An educational repository to show rectified-flow training of class-conditional DiTs for image generation (~600 LoC). The repository draws inspiration from legendary works like nanoGPT, nanoVLM, and tries to do something similar for rectified-flow based image generation. It is meant to be hackable and a friendly starting point for folks wanting to get started in the area.
Core DiT implementation is in model.py
, adapted heavily from the original implementation. Training is implemented in the train.py
file. The repo has two dependencies -- torch
and torchvision
(needed for data loading).
The repo implements class-conditional DiT training with the butterflies
dataset. Download the dataset:
from huggingface_hub import snapshot_download
snapshot_download(
repo_id="sayakpaul/butteflies_with_classes", repo_type="dataset", local_dir="butterflies"
)
Start training:
python train.py
train.py
has reasonable defaults set as constants at the top of the file. Feel free to modify them as needed. Running the script as is yields the following loss curve:
The final step of intermediate result visualization yields:
By default, we train on the 64x64 resolution to keep the runtime short and memory requirements lower.

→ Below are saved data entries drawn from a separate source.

text \<open>The leading letter is the one read just before \<open>w\<close>; if it is a one, it closed the
  part \<open>c\<close>, which may repeat as the first part of \<open>w\<close>.\<close>

lemma adjacent_ones_eq_rep:
  "adjacent_ones (False # w) = rep (parts_of_word c w) \<and>
   adjacent_ones (True # w) = rep (c # parts_of_word c w)"
proof (induction c w rule: parts_of_word.induct)
  case (1 c)
  then show ?case
    by (auto simp: adjacent_ones_def rep_def)
next
  case (2 c w)
  have "parts_of_word (Suc c) w = [] \<or> hd (parts_of_word (Suc c) w) \<noteq> c"
    using parts_of_word_ge[of c "Suc c" w] by (cases "parts_of_word (Suc c) w") auto
  then show ?case
    using 2 by (auto simp: adjacent_ones_Cons_Cons rep_Cons)
next
  case (3 c w)
  then show ?case
    by (simp add: adjacent_ones_Cons_Cons rep_Cons)
qed

lemma ones_after_even_zeros_Cons:
  "ones_after_even_zeros c (x # w) =
     (if x \<and> even c then 1 else 0) + ones_after_even_zeros (if x then c else Suc c) w"
proof -
  have "card {j. j < Suc i \<and> \<not> (x # w) ! j} = (if x then 0 else 1) + card {j. j < i \<and> \<not> w ! j}"
    for i
    unfolding card_less_Suc_split by simp
  then show ?thesis
    unfolding ones_after_even_zeros_def length_Cons card_less_Suc_split
    by (auto intro!: arg_cong[where f = card])
qed

lemma ones_after_even_zeros_eq_even_parts:
  "ones_after_even_zeros c w = even_parts (parts_of_word c w)"
proof (induction c w rule: parts_of_word.induct)
  case (1 c)
  then show ?case
    by (simp add: ones_after_even_zeros_def even_parts_def)
qed (simp_all add: ones_after_even_zeros_Cons even_parts_eq_length_filter)

definition word_of_partition :: "nat list \<Rightarrow> bool list" where
  "word_of_partition p = word_of_parts 0 (rev p)"

definition partition_of_word :: "bool list \<Rightarrow> nat list" where
  "partition_of_word w = rev (parts_of_word 0 w)"

lemma partition_of_word_of_partition:
  "is_partition p \<Longrightarrow> partition_of_word (word_of_partition p) = p"
  by (simp add: is_partition_def partition_of_word_def word_of_partition_def
      parts_of_word_word_of_parts sorted_wrt_rev)

lemma word_of_partition_in_Lambda:
  assumes "p \<in> Hset n"
  shows "word_of_partition p \<in> Lambda n"
proof -
  have "p \<noteq> []" and sorted: "sorted (rev p)" and pos: "\<forall>x\<in>set p. 0 < x"
    and perimeter: "hd p + length p - 1 = n"
    using assms by (auto simp: Hset_def is_partition_def perimeter_def sorted_wrt_rev)
  then obtain y ys where ys: "rev p = y # ys"
    by (cases "rev p") auto
  then have "0 < y"
    using pos by (metis list.set_intros(1) set_rev)
  then have w0: "\<not> word_of_partition p ! 0"
    using ys by (simp add: word_of_partition_def nth_append)
  have "length (word_of_partition p) = length p + hd p"
    using length_word_of_parts[OF sorted, of 0] \<open>p \<noteq> []\<close>
    by (simp add: word_of_partition_def last_rev)
  then have length: "length (word_of_partition p) = n + 1"
    using perimeter \<open>p \<noteq> []\<close> by (cases p) auto
  have "last (word_of_partition p)"
    using last_word_of_parts[of "rev p" 0] \<open>p \<noteq> []\<close> by (simp add: word_of_partition_def)
  then have "word_of_partition p ! n"
    using length by (simp add: last_eq_nth_Suc)
  then show ?thesis
    using length w0 by (simp add: Lambda_def)
qed

lemma Lambda_ConsE:
  assumes "w \<in> Lambda n"
  obtains t where "w = False # t" and "last w"
proof -
  have "length w = n + 1" and "\<not> w ! 0" and "w ! n"
    using assms by (simp_all add: Lambda_def)
  then have "last w"
    by (simp add: last_eq_nth_Suc)
  with \<open>length w = n + 1\<close> \<open>\<not> w ! 0\<close> show ?thesis
    using that by (cases w) auto
qed

lemma word_of_partition_of_word:
  assumes "w \<in> Lambda n"
  shows "word_of_partition (partition_of_word w) = w"
proof -
  have "last w"
    using assms by (rule Lambda_ConsE)
  then show ?thesis
    by (simp add: word_of_partition_def partition_of_word_def word_of_parts_parts_of_word)
qed

lemma partition_of_word_in_Hset:
  assumes "w \<in> Lambda n"
  shows "partition_of_word w \<in> Hset n"
proof -
  obtain t where t: "w = False # t" and "last w"
    using assms by (rule Lambda_ConsE)
  define ys where "ys = parts_of_word 0 w"
  have "True \<in> set w"
    using \<open>last w\<close> t by (metis last_in_set list.distinct(1))
  then have "ys \<noteq> []"
    by (simp add: ys_def parts_of_word_eq_Nil_iff)
  have sorted: "sorted ys"
    by (simp add: ys_def sorted_parts_of_word)
  have pos: "\<forall>x\<in>set ys. 0 < x"
    using parts_of_word_ge[of _ 1 t] by (fastforce simp: ys_def t)
  have "length w = length ys + last ys"
    using length_word_of_parts[OF sorted, of 0] \<open>ys \<noteq> []\<close> \<open>last w\<close>
    by (simp add: ys_def word_of_parts_parts_of_word)
  moreover have "length w = n + 1"
    using assms by (simp add: Lambda_def)
  ultimately have "last ys + length ys - 1 = n"
    by simp
  then show ?thesis
    using \<open>ys \<noteq> []\<close> sorted pos
    by (simp add: Hset_def is_partition_def perimeter_def partition_of_word_def
        sorted_wrt_rev hd_rev ys_def)
qed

If you're running training on MPS, please change the DEVICE
accordingly. The iterative sampling process for inference is implemented in the sample_conditional_cfg()
function already.
The repo aims at bringing the essential components while striving to be minimal and reasonable:
- Pixel-space instead of latent-space because VAE is a separate magic which was purposefully discarded from this repo.
- DiT as the base architecture, as this is the core behind modern models like Flux.
- Class-conditional to show how to embed conditions other than just timesteps.
- Rectified flows for a simpler alternative to DDPM-style diffusion training.
- You can fiddle around with the model and the training setup on your local laptop.
- Implements classifier-free guidance for training and inference, as it's a common practice.